Zimmerman v. Zeimer, 363 Ill. 220 (1936)

April 17, 1936 · Illinois Supreme Court · No. 22890
363 Ill. 220

(No. 22890. —

Susie Zimmerman, Appellant, vs. Charles A. F. Zeimer, Appellee.

Opinion filed April 17, 1936.

L. C. Jesseph, for appellant.

Walter A. Brendecke, and Thomas G. Deering, for appellee.

James H. Andrews, Harper Andrews, W. H. Dyer, Eben B. Gower, Sidney W. Mandel, George Edward Leonard, Lionel A. Mincer, Gregg A. Young, and John O. Wilkinson, amici curiæ.

Mr. Justice Jones

delivered the opinion of the court:

Susie Zimmerman, appellant, was a depositor in the Southwest Trust and Savings Bank, a State bank, which became insolvent and closed its doors October 9, 1931. At the time her deposits were made, Charles A. F. Zeimer, appellee, was a stockholder in the bank but was not a stockholder at the time the bank closed. Appellant brought an action at law in the superior court of Cook county against appellee to recover the amount of her deposit, by virtue of section 6 of article 11 of the constitution. Defendant filed an answer to the complaint, in which he set up as a defense *221tha,t the bank had at various times balanced plaintiff’s passbook, and that the legal effect thereof was to constitute an account stated at such intervals, together with a new promise to pay. Plaintiff entered a motion to strike the answer on the ground that it did not state a defense. The motion was denied and plaintiff elected to stand by her motion, whereupon the court entered a judgment against plaintiff in bar of the action and for costs. She thereupon perfected an appeal to this court. In addition to the defense set up in the answer appellee urges that only those persons who were owners of stock at the time the bank closed are liable under the constitution.

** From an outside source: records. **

lemma dvd_S4_S8_minus_S4_power_17:
  assumes "CHAR('a::field) = 2"
  shows "(monom 1 (4 ^ 6) - [:0, 1:]) dvd
           (Spoly 4 3 ^ 2 + Spoly 4 4 * Spoly 4 8
              - (Spoly 4 3 ^ 2 + Spoly 4 4 ^ (4 ^ 2 + 1)) :: 'a poly)"
proof -
  let ?X = "[:0, 1:] :: 'a poly"
  define M where "M = ?X ^ 4096 - ?X"
  have S4: "Spoly 4 4 = ?X + ?X ^ 4 + ?X ^ 16 + ?X ^ 64"
    by (simp add: Spoly_def monom_1_eq_X_power lessThan_nat_numeral)
  have S8: "Spoly 4 8
      = ?X + ?X ^ 4 + ?X ^ 16 + ?X ^ 64 + ?X ^ 256 + ?X ^ 1024 + ?X ^ 4096 + ?X ^ 16384"
    by (simp add: Spoly_def monom_1_eq_X_power lessThan_nat_numeral add_ac)
  have S4_16: "Spoly 4 4 ^ 16 = ?X ^ 16 + ?X ^ 64 + ?X ^ 256 + ?X ^ 1024"
    using add_power_CHAR_2[where 'a="'a poly", of _ _ 4] assms
    by (simp add: S4 flip: power_mult)
  have M4: "M ^ 4 = ?X ^ 16384 - ?X ^ 4"
    using power_diff_CHAR[where 'a="'a poly" and m = 4 and n = 2] assms
    by (simp add: M_def flip: power_mult)
  have "Spoly 4 8 - Spoly 4 4 ^ 16 = M + M ^ 4"
    unfolding M4 using assms by (simp add: S8 S4_16 M_def algebra_simps CHAR_2_simps)
  then have "Spoly 4 3 ^ 2 + Spoly 4 4 * Spoly 4 8 - (Spoly 4 3 ^ 2 + Spoly 4 4 ^ (4 ^ 2 + 1))
      = M * (Spoly 4 4 * (1 + M ^ 3))"
    by (simp add: algebra_simps power_add power3_eq_cube power4_eq_xxxx flip: power_Suc)
  then show ?thesis
    by (simp add: M_def monom_1_eq_X_power)
qed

Every insistence made by appellee as to the nature, character and extent of a stockholder’s liability under the constitution has been heretofore decided against him. (Golden v. Cervenka, 278 Ill. 409; Sanders v. Merchants State Bank, 349 id. 547; Heine v. Degen, 362 id. 357.) Aside from this, there is an insurmountable obstacle to the maintenance of an action at law to enforce a stockholder’s liability when the bank is being liquidated because of insolvency. In each of- the above cited cases, and in Leonard v. Bye, 361 Ill. 185, we held that a representative suit is a proper proceeding to enforce a stockholder’s liability to creditors of a closed bank, and in ILeine v. Degen, supra, we had occasion to determine who are entitled to share in the money recovered on account of such liability. We said that all creditors stand on an equal footing, and that “it was doubtless the object and purpose of the framers of the constitution of 1870 that all claims arising under section 6 of article 11 should be regarded as being for the benefit of all the creditors of the bank, ratably, in case the bank became insolvent.” To give the constitutional provision any other interpretation would afford individual creditors an undue and unfair advantage over those creditors who present their claims in the representative proceeding in equity. It would furnish opportunity for a stockholder to *222prefer one creditor over creditors generally, it would positively prevent the creation of a fund to be distributed ratably among all creditors, as the constitution contemplates, and would result in serious confusion in the liquidation of insolvent banks. Such a condition was not intended by the framers of the constitution.

The superior court was without jurisdiction to hear and determine this cause. The judgment is therefore reversed and the cause is dismissed.

Judgment reversed and cause dismissed.